Circulating Immune Markers for Prognostic Evaluation in Postoperative Lung Cancer Patients

Non-small cell lung cancer (NSCLC) remains the leading cause of cancer-related mortality worldwide, with surgical resection serving as the curative approach for early to intermediate stages. However, postoperative recurrence rates are high in stages IB (with high-risk features such as tumor >4 cm, poor differentiation, visceral pleural invasion, vascular invasion, or wedge resection) to IIIB, necessitating improved prognostic tools beyond TNM staging to optimize adjuvant therapies like chemotherapy or immunotherapy.

This study investigates peripheral blood immune markers as non-invasive prognostic indicators. Antigen-specific effector T cells (ETASTs) are identified via multiparametric flow cytometry, co-expressing CD137 (a T-cell activation marker) and IFN-γ (an effector cytokine) following ex vivo stimulation with tumor-associated antigens. The effector T cell to regulatory T cell ratio (Teff/Treg) reflects systemic immune homeostasis, with imbalances promoting tumor immune evasion.

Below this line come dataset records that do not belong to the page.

(* Let $\mathcal{R}$ be a finite family of axis-parallel rectangles in general position in which every pair of intersecting rectangles has a corner intersection. Then $\mathrm{tw}(G_{\mathcal{R}})\le 2\cdot\mathrm{tw}(A_{\mathcal{R}})+1$.
   Context: Rectangles are closed axis-parallel rectangles $X\times Y$; general position means all specifying intervals have pairwise distinct endpoints. Two intersecting rectangles have a corner intersection if one contains one or two corners of the other but neither contains the other. $G_{\mathcal{R}}$ is the intersection graph (vertices $\mathcal{R}$, edges between distinct intersecting rectangles). A joint is a point where the boundaries of two distinct rectangles intersect; the arrangement graph $A_{\mathcal{R}}$ has the joints as vertices, and $\{u,v\}$ is an edge iff $u,v$ are joints on the boundary of some rectangle with no other joint on that boundary between them. $\mathrm{tw}$ denotes treewidth: the minimum over tree decompositions (a tree whose nodes are vertex subsets covering all vertices and edges, with the nodes containing any fixed vertex forming a connected subtree) of the maximum node size minus one. *)

theory Defs
  imports "HOL-Analysis.Analysis"
begin

datatype rect = Rect (xl: real) (xr: real) (yl: real) (yh: real)

definition valid_rect :: "rect \<Rightarrow> bool" where
  "valid_rect r \<longleftrightarrow> xl r < xr r \<and> yl r < yh r"

definition rset :: "rect \<Rightarrow> (real \<times> real) set" where
  "rset r = {(x, y). xl r \<le> x \<and> x \<le> xr r \<and> yl r \<le> y \<and> y \<le> yh r}"

definition corners :: "rect \<Rightarrow> (real \<times> real) set" where
  "corners r = {(xl r, yl r), (xl r, yh r), (xr r, yl r), (xr r, yh r)}"

definition bd :: "rect \<Rightarrow> (real \<times> real) set" where
  "bd r = {(x, y). (x, y) \<in> rset r \<and> (x = xl r \<or> x = xr r \<or> y = yl r \<or> y = yh r)}"

text \<open>General position: all x-endpoints pairwise distinct, all y-endpoints pairwise distinct.\<close>
definition general_position :: "rect set \<Rightarrow> bool" where
  "general_position R \<longleftrightarrow>
     inj_on (\<lambda>(r, b::bool). if b then xl r else xr r) (R \<times> UNIV) \<and>
     inj_on (\<lambda>(r, b::bool). if b then yl r else yh r) (R \<times> UNIV)"

definition corner_intersection :: "rect \<Rightarrow> rect \<Rightarrow> bool" where
  "corner_intersection r s \<longleftrightarrow>
     rset r \<inter> rset s \<noteq> {} \<and> \<not> rset r \<subseteq> rset s \<and> \<not> rset s \<subseteq> rset r \<and>
     (card (corners s \<inter> rset r) \<in> {1, 2} \<or> card (corners r \<inter> rset s) \<in> {1, 2})"

definition int_edges :: "rect set \<Rightarrow> rect set set" where
  "int_edges R = {{r, s} | r s. r \<in> R \<and> s \<in> R \<and> r \<noteq> s \<and> rset r \<inter> rset s \<noteq> {}}"

definition joints :: "rect set \<Rightarrow> (real \<times> real) set" where
  "joints R = {p. \<exists>r\<in>R. \<exists>s\<in>R. r \<noteq> s \<and> p \<in> bd r \<and> p \<in> bd s}"

text \<open>Arrangement graph: u, v joints on the boundary of some rectangle r, consecutive along
  that boundary, i.e. joined by an arc of the boundary containing no further joint.\<close>
definition arr_edges :: "rect set \<Rightarrow> (real \<times> real) set set" where
  "arr_edges R = {{u, v} | u v. u \<noteq> v \<and> u \<in> joints R \<and> v \<in> joints R \<and>
      (\<exists>r\<in>R. u \<in> bd r \<and> v \<in> bd r \<and>
         (\<exists>A \<subseteq> bd r. connected A \<and> u \<in> A \<and> v \<in> A \<and> A \<inter> joints R = {u, v}))}"

definition tree_adj :: "nat set set \<Rightarrow> nat set \<Rightarrow> (nat \<times> nat) set" where
  "tree_adj TE S = {(a, b). {a, b} \<in> TE \<and> a \<in> S \<and> b \<in> S}"

definition is_tree :: "nat set \<Rightarrow> nat set set \<Rightarrow> bool" where
  "is_tree N TE \<longleftrightarrow> finite N \<and> N \<noteq> {} \<and>
     TE \<subseteq> {{a, b} | a b. a \<in> N \<and> b \<in> N \<and> a \<noteq> b} \<and>
     (\<forall>a\<in>N. \<forall>b\<in>N. (a, b) \<in> (tree_adj TE N)\<^sup>*) \<and>
     card TE = card N - 1"

definition tree_decomposition ::
  "'a set \<Rightarrow> 'a set set \<Rightarrow> nat set \<Rightarrow> nat set set \<Rightarrow> (nat \<Rightarrow> 'a set) \<Rightarrow> bool" where
  "tree_decomposition V E N TE B \<longleftrightarrow> is_tree N TE \<and>
     (\<forall>t\<in>N. B t \<subseteq> V) \<and>
     (\<forall>v\<in>V. \<exists>t\<in>N. v \<in> B t) \<and>
     (\<forall>e\<in>E. \<exists>t\<in>N. e \<subseteq> B t) \<and>
     (\<forall>v\<in>V. \<forall>t1\<in>{t\<in>N. v \<in> B t}. \<forall>t2\<in>{t\<in>N. v \<in> B t}.
        (t1, t2) \<in> (tree_adj TE {t\<in>N. v \<in> B t})\<^sup>*)"

text \<open>Width = max bag size minus one (natural-number subtraction, so the empty graph has width 0).\<close>
definition td_width :: "nat set \<Rightarrow> (nat \<Rightarrow> 'a set) \<Rightarrow> nat" where
  "td_width N B = Max (card ` B ` N) - 1"

definition treewidth :: "'a set \<Rightarrow> 'a set set \<Rightarrow> nat" where
  "treewidth V E = Min {w. \<exists>N TE B. tree_decomposition V E N TE B \<and> w = td_width N B}"

end

theory Submission
  imports Defs
begin

text \<open>Replace every joint in the bags of a tree decomposition of the arrangement graph by the
  rectangles whose boundary passes through it; by general position there are at most two of
  them, so bags at most double. The result is a tree decomposition of the intersection graph:
  two intersecting rectangles neither of which contains the other have crossing boundaries,
  hence a common joint, and the joints on the boundary of a single rectangle are linked in
  cyclic order by arrangement edges, so the nodes whose bags meet them form a subtree.
  Rectangles without joints are isolated and are put into extra leaf bags.\<close>

section \<open>Traversing the boundary of a rectangle\<close>

definition boundary_path :: "rect \<Rightarrow> real \<Rightarrow> real \<times> real" where
  "boundary_path r t =
     (if t \<le> 1/4 then (xl r + 4*t*(xr r - xl r), yl r)
      else if t \<le> 1/2 then (xr r, yl r + (4*t-1)*(yh r - yl r))
      else if t \<le> 3/4 then (xr r - (4*t-2)*(xr r - xl r), yh r)
      else (xl r, yh r - (4*t-3)*(yh r - yl r)))"

definition boundary_param :: "rect \<Rightarrow> real \<times> real \<Rightarrow> real" where
  "boundary_param r p =
     (if snd p = yl r \<and> fst p < xr r then (fst p - xl r)/(4*(xr r - xl r))
      else if fst p = xr r \<and> snd p < yh r then 1/4 + (snd p - yl r)/(4*(yh r - yl r))
      else if snd p = yh r \<and> xl r < fst p then 1/2 + (xr r - fst p)/(4*(xr r - xl r))
      else 3/4 + (yh r - snd p)/(4*(yh r - yl r)))"

lemma continuous_on_boundary_path: "continuous_on UNIV (boundary_path r)"
  unfolding boundary_path_def[abs_def]
  (* safe substitutes a breakpoint t = 1/4 before simp could normalise it to t * 4 = 1 *)
  by (intro continuous_on_cases_le continuous_intros) (safe, simp_all)

lemma bd_cases:
  assumes "valid_rect r" "(x, y) \<in> bd r"
  obtains (bottom) "y = yl r" "xl r \<le> x" "x < xr r"
    | (right) "x = xr r" "yl r \<le> y" "y < yh r"
    | (top) "y = yh r" "xl r < x" "x \<le> xr r"
    | (left) "x = xl r" "yl r < y" "y \<le> yh r"
  using assms by (fastforce simp: bd_def rset_def valid_rect_def)

lemma boundary_path_param:
  assumes "valid_rect r" "p \<in> bd r"
  shows "boundary_path r (boundary_param r p) = p"
proof -
  obtain x y where p: "p = (x, y)" by force
  have "xl r < xr r" "yl r < yh r" using assms(1) by (auto simp: valid_rect_def)
  with assms show ?thesis unfolding p
    by (cases rule: bd_cases) (auto simp: boundary_path_def boundary_param_def field_simps)
qed

lemma boundary_param_range:
  assumes "valid_rect r" "p \<in> bd r"
  shows "boundary_param r p \<in> {0..<1}"
proof -
  obtain x y where p: "p = (x, y)" by force
  have "xl r < xr r" "yl r < yh r" using assms(1) by (auto simp: valid_rect_def)
  with assms show ?thesis unfolding p
    by (cases rule: bd_cases) (auto simp: boundary_param_def field_simps)
qed

lemma boundary_param_path:
  assumes "valid_rect r" "t \<in> {0..<1}"
  shows "boundary_param r (boundary_path r t) = t"
proof -
  define W H where "W = xr r - xl r" and "H = yh r - yl r"
  have "0 < W" "0 < H" using assms(1) by (auto simp: valid_rect_def W_def H_def)
  have scale: "0 \<le> s * L \<and> s * L < L" if "0 \<le> s" "s < 1" "0 < L" for s L :: real
    using that mult_strict_right_mono[of s 1 L] by simp
  consider "t < 1/4" | "1/4 < t" "t < 1/2" | "1/2 < t" "t < 3/4" | "3/4 < t"
    | "t \<in> {1/4, 1/2, 3/4}"
    by fastforce
  then show ?thesis
  proof cases
    case 1
    then have "4 * t * W < W" using scale[of "4*t" W] \<open>0 < W\<close> assms(2) by simp
    then show ?thesis using 1 \<open>0 < W\<close> \<open>0 < H\<close>
      by (auto simp: boundary_path_def boundary_param_def W_def H_def field_simps)
  next
    case 2
    then have "0 < (4*t-1) * H" "(4*t-1) * H < H" using scale[of "4*t-1" H] \<open>0 < H\<close> by simp_all
    then show ?thesis using 2 \<open>0 < W\<close> \<open>0 < H\<close>
      by (auto simp: boundary_path_def boundary_param_def W_def H_def field_simps)
  next
    case 3
    then have "0 < (4*t-2) * W" "(4*t-2) * W < W" using scale[of "4*t-2" W] \<open>0 < W\<close> by simp_all
    then show ?thesis using 3 \<open>0 < W\<close> \<open>0 < H\<close>
      by (auto simp: boundary_path_def boundary_param_def W_def H_def field_simps)
  next
    case 4
    then have "0 < (4*t-3) * H" "(4*t-3) * H < H" using scale[of "4*t-3" H] \<open>0 < H\<close> assms(2) by simp_all
    then show ?thesis using 4 \<open>0 < W\<close> \<open>0 < H\<close>
      by (auto simp: boundary_path_def boundary_param_def W_def H_def field_simps)
  next
    case 5
    then show ?thesis using \<open>0 < W\<close> \<open>0 < H\<close>
      by (safe, simp_all add: boundary_path_def boundary_param_def W_def H_def)
  qed
qed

Blood samples (approximately 10 mL) are collected preoperatively via venipuncture and processed within 4 hours. Peripheral blood mononuclear cells (PBMCs) are isolated using Ficoll density gradient centrifugation. For ETAST detection, PBMCs undergo stimulation with a peptide pool of common NSCLC antigens (e.g., NY-ESO-1, MAGE-A3) for 6 hours in the presence of brefeldin A, followed by intracellular staining and analysis on a BD FACSCanto II flow cytometer. Teff cells are defined as CD4+ or CD8+ T cells expressing IFN-γ, TNF-α, or IL-2; Treg cells as CD4+CD25+FoxP3+. Data acquisition targets at least 100,000 events per sample, with analysis using FlowJo software.

Follow-up includes clinical assessments every 3 months for the first 2 years, then every 6 months up to 3 years, monitoring recurrence via CT scans, PET-CT if indicated, and survival endpoints. Exploratory analyses may incorporate next-generation sequencing for driver mutations (e.g., EGFR, ALK) from tumor tissue to correlate with immune profiles.

Ethical considerations prioritize participant safety, with all procedures approved by the institutional review board. Data are de-identified and stored securely, complying with GCP standards.